Records for processing section start

lemma normalized_wedge_Suc_diag: "normalized.wedge a (a + k + 1) = 1"
proof -
  have e: "a + k + 1 + k = a + n" using n_eq by simp
  have "scale (a + k + 1) * scale (a + k + 1 + k) = diag (a + k + 1)"
    by (rule scale_mult)
  then have "scale (a + k + 1) * scale a = diag (a + k + 1)"
    by (simp only: e scale_add_n)
  then show ?thesis
    using wedge_Suc_diag[of a] diag_pos[of "a + k + 1"] by (simp add: normalized_wedge mult.commute)
qed

lemma normalized_wedge_two:
  "normalized.wedge a (Suc (Suc a))
     = normalized.edge a + normalized.edge (Suc a)
       - normalized.edge a * normalized.edge (Suc a) * normalized.edge (a + k + 1)"
proof -
  have "normalized.wedge (Suc a) (a + k + 1) = 1" "normalized.wedge a (a + k + 1) = 1"
    "normalized.wedge (Suc (Suc a)) (a + k + 2) = 1" "normalized.wedge (Suc a) (a + k + 2) = 1"
    using normalized_wedge_diag[of "Suc a"] normalized_wedge_Suc_diag[of a]
      normalized_wedge_diag[of "Suc (Suc a)"] normalized_wedge_Suc_diag[of "Suc a"]
    by simp_all
  from det2_chain_identity[OF this[unfolded normalized.wedge_def]] show ?thesis
    by (simp add: normalized.edge_def normalized.wedge_def)
qed

lemma normalized_coef:
  "normalized.coef a = 1 / normalized.edge (Suc a) + 1 / normalized.edge a - normalized.edge (a + k + 1)"
  using normalized.edge_pos[of a] normalized.edge_pos[of "Suc a"]
  unfolding normalized.coef_def normalized_wedge_two by (simp add: field_simps)

lemma normalized_edge_sum_le:
  "(\<Sum>a<n. normalized.edge a) \<le> (2 - 2 * cos (pi / n)) * (\<Sum>a<n. 1 / normalized.edge a)"
proof -
  have "(\<Sum>a<n. 1 / normalized.edge (a + 1)) = (\<Sum>a<n. 1 / normalized.edge a)"
    by (rule sum_lessThan_shift_periodic) (simp add: normalized.edge_add_n)
  moreover have "(\<Sum>a<n. normalized.edge (a + (k + 1))) = (\<Sum>a<n. normalized.edge a)"
    by (rule sum_lessThan_shift_periodic) (simp add: normalized.edge_add_n)
  ultimately have "(\<Sum>a<n. normalized.coef a) = 2 * (\<Sum>a<n. 1 / normalized.edge a) - (\<Sum>a<n. normalized.edge a)"
    unfolding normalized_coef by (simp add: sum.distrib sum_subtractf add.assoc)
  then show ?thesis
    using normalized.coef_sum_ge by (simp add: algebra_simps)
qed

lemma normalized_edge_mult:
  "normalized.edge a * normalized.edge (a + k) = edge a * edge (a + k) / (diag a * diag (Suc a))"
  using scale_mult[of a] scale_mult[of "Suc a"] unfolding normalized_edge by (simp add: field_simps)

definition min_edge :: real where
  "min_edge = Min (edge ` {..<n})"

definition max_diag :: real where
  "max_diag = Max (diag ` {..<n})"

lemma min_edge_attained: "\<exists>a<n. min_edge = edge a"
proof -
  have "min_edge \<in> edge ` {..<n}"
    unfolding min_edge_def using n_ge_3 by (intro Min_in) (auto simp: lessThan_empty_iff)
  then show ?thesis by auto
qed

lemma max_diag_attained: "\<exists>a<n. max_diag = diag a"
proof -
  have "max_diag \<in> diag ` {..<n}"
    unfolding max_diag_def using n_ge_3 by (intro Max_in) (auto simp: lessThan_empty_iff)
  then show ?thesis by auto
qed

lemma min_edge_le: "min_edge \<le> edge a"
proof -
  have "min_edge \<le> edge (a mod n)"
    unfolding min_edge_def using n_ge_3 by (intro Min_le) auto
  then show ?thesis
    using periodic_mod[of edge n a, OF edge_add_n] by simp
qed

lemma diag_le_max_diag: "diag a \<le> max_diag"
proof -
  have "diag (a mod n) \<le> max_diag"
    unfolding max_diag_def using n_ge_3 by (intro Max_ge) auto
  then show ?thesis
    using periodic_mod[of diag n a, OF diag_add_n] by simp
qed

lemma min_edge_pos: "0 < min_edge"
  using min_edge_attained edge_pos by auto

lemma max_diag_pos: "0 < max_diag"
  using diag_pos[of 0] diag_le_max_diag[of 0] by linarith

lemma edge_mult_ge: "min_edge * min_edge \<le> edge a * edge (a + k)"
  using mult_mono[OF min_edge_le min_edge_le] min_edge_pos edge_pos[of a] by simp

lemma diag_mult_le: "diag a * diag (Suc a) \<le> max_diag * max_diag"
  using mult_mono[OF diag_le_max_diag diag_le_max_diag] max_diag_pos diag_pos[of "Suc a"] by simp

lemma normalized_edge_mult_ge:
  "(min_edge / max_diag)\<^sup>2 \<le> normalized.edge a * normalized.edge (a + k)"
  using edge_mult_ge[of a] diag_mult_le[of a]
  unfolding normalized_edge_mult power_divide
  using diag_pos[of a] diag_pos[of "Suc a"] min_edge_pos edge_pos[of a] edge_pos[of "a + k"]
  by (intro frac_le) (auto simp: power2_eq_square)

lemma normalized_edge_sum_ge:
  "(min_edge / max_diag)\<^sup>2 * (\<Sum>a<n. 1 / normalized.edge a) \<le> (\<Sum>a<n. normalized.edge a)"
proof -
  have "(min_edge / max_diag)\<^sup>2 / normalized.edge a \<le> normalized.edge (a + k)" for a
    using normalized_edge_mult_ge[of a] normalized.edge_pos[of a]
    by (simp add: pos_divide_le_eq mult.commute)
  then have "(\<Sum>a<n. (min_edge / max_diag)\<^sup>2 / normalized.edge a) \<le> (\<Sum>a<n. normalized.edge (a + k))"
    by (rule sum_mono)
  then show ?thesis
    by (simp add: sum_distrib_left sum_lessThan_shift_periodic normalized.edge_add_n)
qed

lemma min_edge_sq_le: "min_edge\<^sup>2 \<le> (2 - 2 * cos (pi / n)) * max_diag\<^sup>2"
proof -
  have "0 < (\<Sum>a<n. 1 / normalized.edge a)"
    using n_ge_3 normalized.edge_pos by (intro sum_pos) (auto simp: lessThan_empty_iff)
  then have "(min_edge / max_diag)\<^sup>2 \<le> 2 - 2 * cos (pi / n)"
    using order_trans[OF normalized_edge_sum_ge normalized_edge_sum_le] by simp
  then show ?thesis
    using max_diag_pos by (simp add: power_divide field_simps)
qed

context
  assumes extremal: "min_edge\<^sup>2 = (2 - 2 * cos (pi / n)) * max_diag\<^sup>2"
begin

lemma normalized_edge_mult_extremal:
  "normalized.edge a * normalized.edge (a + k) = (min_edge / max_diag)\<^sup>2"
proof -
  define r where "r = (min_edge / max_diag)\<^sup>2"
  define t where "t a = normalized.edge (a + k) - r / normalized.edge a" for a
  have t_nonneg: "0 \<le> t a" for a
    using normalized_edge_mult_ge[of a] normalized.edge_pos[of a]
    by (simp add: t_def r_def pos_divide_le_eq mult.commute)
  have "r = 2 - 2 * cos (pi / n)"
    using extremal max_diag_pos by (simp add: r_def power_divide)
  then have "(\<Sum>a<n. t a) \<le> 0"
    using normalized_edge_sum_le
    by (simp add: t_def sum_subtractf sum_distrib_left sum_lessThan_shift_periodic normalized.edge_add_n)
  then have "t a = 0" if "a < n" for a
    using t_nonneg that sum_nonneg_eq_0_iff[of "{..<n}" t] by (simp add: order_antisym sum_nonneg)
  moreover have "t a = t (a mod n)"
  proof (rule periodic_mod)
    show "t (b + n) = t b" for b
      using normalized.edge_add_n[of "b + k"] normalized.edge_add_n[of b] by (simp add: t_def ac_simps)
  qed
  ultimately have "t a = 0"
    using n_ge_3 by simp
  then show ?thesis
    using normalized.edge_pos[of a] by (simp add: t_def r_def field_simps)
qed

lemma edge_diag_extremal: "edge a = min_edge \<and> diag a = max_diag"
proof -
  have prod_eq: "edge a * edge (a + k) * max_diag\<^sup>2 = min_edge\<^sup>2 * (diag a * diag (Suc a))"
    using normalized_edge_mult_extremal[of a] max_diag_pos diag_pos[of a] diag_pos[of "Suc a"]
    unfolding normalized_edge_mult by (simp add: field_simps)
  from diag_mult_le[of a]
  have "edge a * edge (a + k) * max_diag\<^sup>2 \<le> min_edge * min_edge * max_diag\<^sup>2"
    using prod_eq min_edge_pos by (simp add: power2_eq_square mult_left_mono)
  then have "edge a * edge (a + k) \<le> min_edge * min_edge"
    using max_diag_pos by simp
  then have "edge a = min_edge"
    using min_edge_pos min_edge_le by (intro eq_of_mult_le_sq_lower)
  moreover from edge_mult_ge[of a]
  have "min_edge * min_edge * max_diag\<^sup>2 \<le> edge a * edge (a + k) * max_diag\<^sup>2"
    by (rule mult_right_mono) simp
  then have "min_edge\<^sup>2 * (max_diag * max_diag) \<le> min_edge\<^sup>2 * (diag a * diag (Suc a))"
    unfolding prod_eq by (simp only: power2_eq_square ac_simps)
  then have "max_diag * max_diag \<le> diag a * diag (Suc a)"
    using min_edge_pos by (simp add: mult_le_cancel_left_pos)
  then have "diag a = max_diag"
    using diag_pos diag_le_max_diag by (intro eq_of_mult_ge_sq_upper)
  ultimately show ?thesis ..
qed

lemma scale_extremal: "scale a = sqrt max_diag"
proof -
  have "scale (Suc b) = scale b" for b
  proof -
    have "scale (Suc b) * scale (Suc b + k) = max_diag" "scale (Suc b + k) * scale (Suc b + k + k) = max_diag"
      using scale_mult[of "Suc b"] scale_mult[of "Suc b + k"] edge_diag_extremal by simp_all
    then have "scale (Suc b) * scale (Suc b + k) = scale (Suc b + k + k) * scale (Suc b + k)"
      by (simp add: mult.commute)
    then have "scale (Suc b) = scale (Suc b + k + k)"
      using scale_pos[of "Suc b + k"] by simp
    also have "Suc b + k + k = b + n"
      using n_eq by simp
    finally show ?thesis by (simp add: scale_add_n)
  qed
  then have const: "scale b = scale 0" for b
    by (induction b) simp_all
  have "(scale 0)\<^sup>2 = max_diag"
    using scale_mult[of 0] const[of k] edge_diag_extremal by (simp add: power2_eq_square)
  then have "sqrt max_diag = scale 0"
    using scale_pos[of 0] by (intro real_sqrt_unique) simp_all
  then show ?thesis
    using const[of a] by simp
qed
theorem lemma3p3:
  fixes x y :: "'a::finite letter" and w :: "'a letter list" and S :: "'a letter list set"
    and \<epsilon> :: real and k :: nat
  assumes "CARD('a) \<ge> 2"
    and "x \<noteq> inv_letter y"
    and "w \<in> semiG x y"
    and "\<epsilon> > 0"
    and "k \<ge> 2"
    and "S \<subseteq> coset w (semiG x y)"
    and "strongly_product_free k S"
    and "eps_regular x y \<epsilon> w S"
  shows "let d = upper_density (coset w (semiG x y)) S
         in d * (\<Sum>i<k. (d / (d + 2 * \<epsilon>)) ^ i) \<le> 1"
proof -
  interpret regular_product_free x y w S \<epsilon> k
    using assms eps_regular_cone_append[OF assms(2,3,8)]
    by unfold_locales (simp_all add: coset_eq_cone)
  have "d * (\<Sum>i<k. (d / (d + 2 * \<epsilon>)) ^ i) \<le> 1" if d: "d = dens" for d
  proof (cases "dens = 0")
    case False
    then have "dens > 0" using dens_nonneg by simp
    then obtain F where F: "finite F" "F \<subseteq> minimal" "dens / (dens + 2 * \<epsilon>) \<le> prefix_mass F"
      by (rule exists_minimal_prefix_mass_ge)
    have "dens * (\<Sum>i<k. (dens / (dens + 2 * \<epsilon>)) ^ i) \<le> dens * (\<Sum>i<k. prefix_mass F ^ i)"
      using F(3) dens_nonneg eps_pos by (intro mult_left_mono sum_mono power_mono) auto
    also have "\<dots> \<le> 1" by (rule dens_geometric_sum_le_1[OF F(1,2)])
    finally show ?thesis using d by simp
  qed (use d in simp)
  then show ?thesis by (simp add: coset_eq_cone[OF assms(2,3)])
qed

end
(* Let $k\ge1$, let $U\subseteq\mathbb{R}^n$ be a domain, and let $f:U\times\mathbb{R}^n\to Cl_n$ be such that for each $x\in U$ the function $u\mapsto f(x,u)$ is a $Cl_n$-valued harmonic polynomial homogeneous of degree $k$. For $y\in\mathbb{R}^n\setminus\{0\}$ with $y^{-1}\in U$ and $w\in\mathbb{R}^n$, put $x=y^{-1}$ and $u=\frac{ywy}{\|y\|^2}$. Then $$P_{k,w}\Big[\frac{y}{\|y\|^n}f\Big(y^{-1},\frac{ywy}{\|y\|^2}\Big)\Big]=\frac{y}{\|y\|^n}\big(P_{k,u}f\big)(x,u)\Big|_{x=y^{-1},\ u=ywy/\|y\|^2}.$$
   Context: $Cl_n$ is the real Clifford algebra generated by an orthonormal basis $e_1,\dots,e_n$ of $\mathbb{R}^n\subseteq Cl_n$ with $e_ie_j+e_je_i=-2\delta_{ij}$; for a nonzero vector $y$, $y^{-1}=-y/\|y\|^2$. The Dirac operator in the variable $u$ is $D_u=\sum_{j=1}^n e_j\partial_{u_j}$. $\mathcal M_k$ denotes the space of $Cl_n$-valued polynomials $p(u)$ on $\mathbb{R}^n$, homogeneous of degree $k$, with $D_up=0$ (left monogenic). Every $Cl_n$-valued harmonic polynomial $h$ homogeneous of degree $k$ in $u$ decomposes uniquely as $h(u)=p_k(u)+u\,p_{k-1}(u)$ with $p_k\in\mathcal M_k$, $p_{k-1}\in\mathcal M_{k-1}$ (Almansi–Fischer decomposition); the projection $P_k$ is defined by $P_kh=p_k$, and explicitly $P_k=1+\frac{uD_u}{n+2k-2}$. A subscript, as in $P_{k,u}$, indicates the variable in which the projection acts. *)

theory Defs
  imports "HOL-Analysis.Analysis"
begin

text \<open>Real Clifford algebra Cl_n with n = CARD('n). Elements are real coefficient
vectors indexed by basis blades e_A, A a subset of the index type 'n (ordered by
the linear order of 'n). Generators satisfy e_i e_j + e_j e_i = -2 delta_ij.\<close>

type_synonym 'n cl = "real ^ ('n set)"

definition blade_sign :: "'n::{finite,linorder} set \<Rightarrow> 'n set \<Rightarrow> real" where
  "blade_sign A B = (-1) ^ (card {(a, b). a \<in> A \<and> b \<in> B \<and> b < a} + card (A \<inter> B))"
lemma constructible_reflection:
  assumes m: "m \<in> constructible S" and r: "r \<in> constructible S"
  shows "2 * m - r \<in> constructible S"
proof (cases "r = m")
  case True
  then show ?thesis using m by simp
next
  case False
  show ?thesis
  proof (rule line_circle[OF r m m r False])
    show "2 * m - r \<in> line_through r m"
      unfolding mem_line_through by (rule exI[of _ 2]) (simp add: algebra_simps)
    show "2 * m - r \<in> circle_through m r"
      by (simp add: mem_circle_through norm_minus_commute)
  qed
qed

lemma constructible_add:
  assumes "p \<in> constructible S" "q \<in> constructible S"
  shows "p + q \<in> constructible S"
proof -
  have "p + q = 2 * ((p + q) / 2) - 0" by simp
  also have "\<dots> \<in> constructible S"
    by (rule constructible_reflection[OF constructible_midpoint[OF assms] constructible_0])
  finally show ?thesis .
qed

lemma constructible_uminus: "p \<in> constructible S \<Longrightarrow> - p \<in> constructible S"
  using constructible_reflection[OF constructible_0, of p] by simp

lemma constructible_diff:
  "p \<in> constructible S \<Longrightarrow> q \<in> constructible S \<Longrightarrow> p - q \<in> constructible S"
  using constructible_add[OF _ constructible_uminus, of p q] by simp

lemma constructible_cnj:
  assumes x: "x \<in> constructible S"
  shows "cnj x \<in> constructible S"
proof (rule circle_circle[OF constructible_0 x constructible_1 x])
  show "circle_through 0 x \<noteq> circle_through 1 x"
    by (rule circle_through_neq) simp
  show "cnj x \<in> circle_through 0 x"
    by (simp add: mem_circle_through)
  have "cmod (cnj x - 1) = cmod (x - 1)"
    by (metis complex_cnj_diff complex_cnj_one complex_mod_cnj)
  then show "cnj x \<in> circle_through 1 x"
    by (simp add: mem_circle_through)
qed

lemma constructible_ii: "\<i> \<in> constructible S"
proof -
  define d where "d = primitive_sixth_root - 1/2"
  have dK: "d \<in> constructible S"
    unfolding d_def
    using constructible_diff[OF constructible_equilateral_apex[OF constructible_0 constructible_1]
        constructible_midpoint[OF constructible_0 constructible_1]]
      norm_primitive_sixth_root
    by simp
  have d: "d = \<i> * of_real (sqrt 3 / 2)"
    by (simp add: d_def primitive_sixth_root_def complex_eq_iff)
  show ?thesis
  proof (rule line_circle[OF constructible_0 dK constructible_0 constructible_1])
    show "0 \<noteq> d" by (simp add: d)
    have "\<i> = 0 + of_real (2 / sqrt 3) * (d - 0)" by (simp add: d)
    then show "\<i> \<in> line_through 0 d" unfolding mem_line_through by (rule exI)
    show "\<i> \<in> circle_through 0 1" by (simp add: mem_circle_through)
  qed
qed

Records for processing section end

### Aim of the task
The entries above hold a line with "max_diag\<^sup>2 \<le> edge" and a later line with "edge_diag_extremal by simp_all". Write out exactly those lines and all lines between, nothing more.

### Answer area
  have "min_edge * min_edge * max_diag\<^sup>2 \<le> edge a * edge (a + k) * max_diag\<^sup>2"
    by (rule mult_right_mono) simp
  then have "min_edge\<^sup>2 * (max_diag * max_diag) \<le> min_edge\<^sup>2 * (diag a * diag (Suc a))"
    unfolding prod_eq by (simp only: power2_eq_square ac_simps)
  then have "max_diag * max_diag \<le> diag a * diag (Suc a)"
    using min_edge_pos by (simp add: mult_le_cancel_left_pos)
  then have "diag a = max_diag"
    using diag_pos diag_le_max_diag by (intro eq_of_mult_ge_sq_upper)
  ultimately show ?thesis ..
qed

lemma scale_extremal: "scale a = sqrt max_diag"
proof -
  have "scale (Suc b) = scale b" for b
  proof -
    have "scale (Suc b) * scale (Suc b + k) = max_diag" "scale (Suc b + k) * scale (Suc b + k + k) = max_diag"
      using scale_mult[of "Suc b"] scale_mult[of "Suc b + k"] edge_diag_extremal by simp_all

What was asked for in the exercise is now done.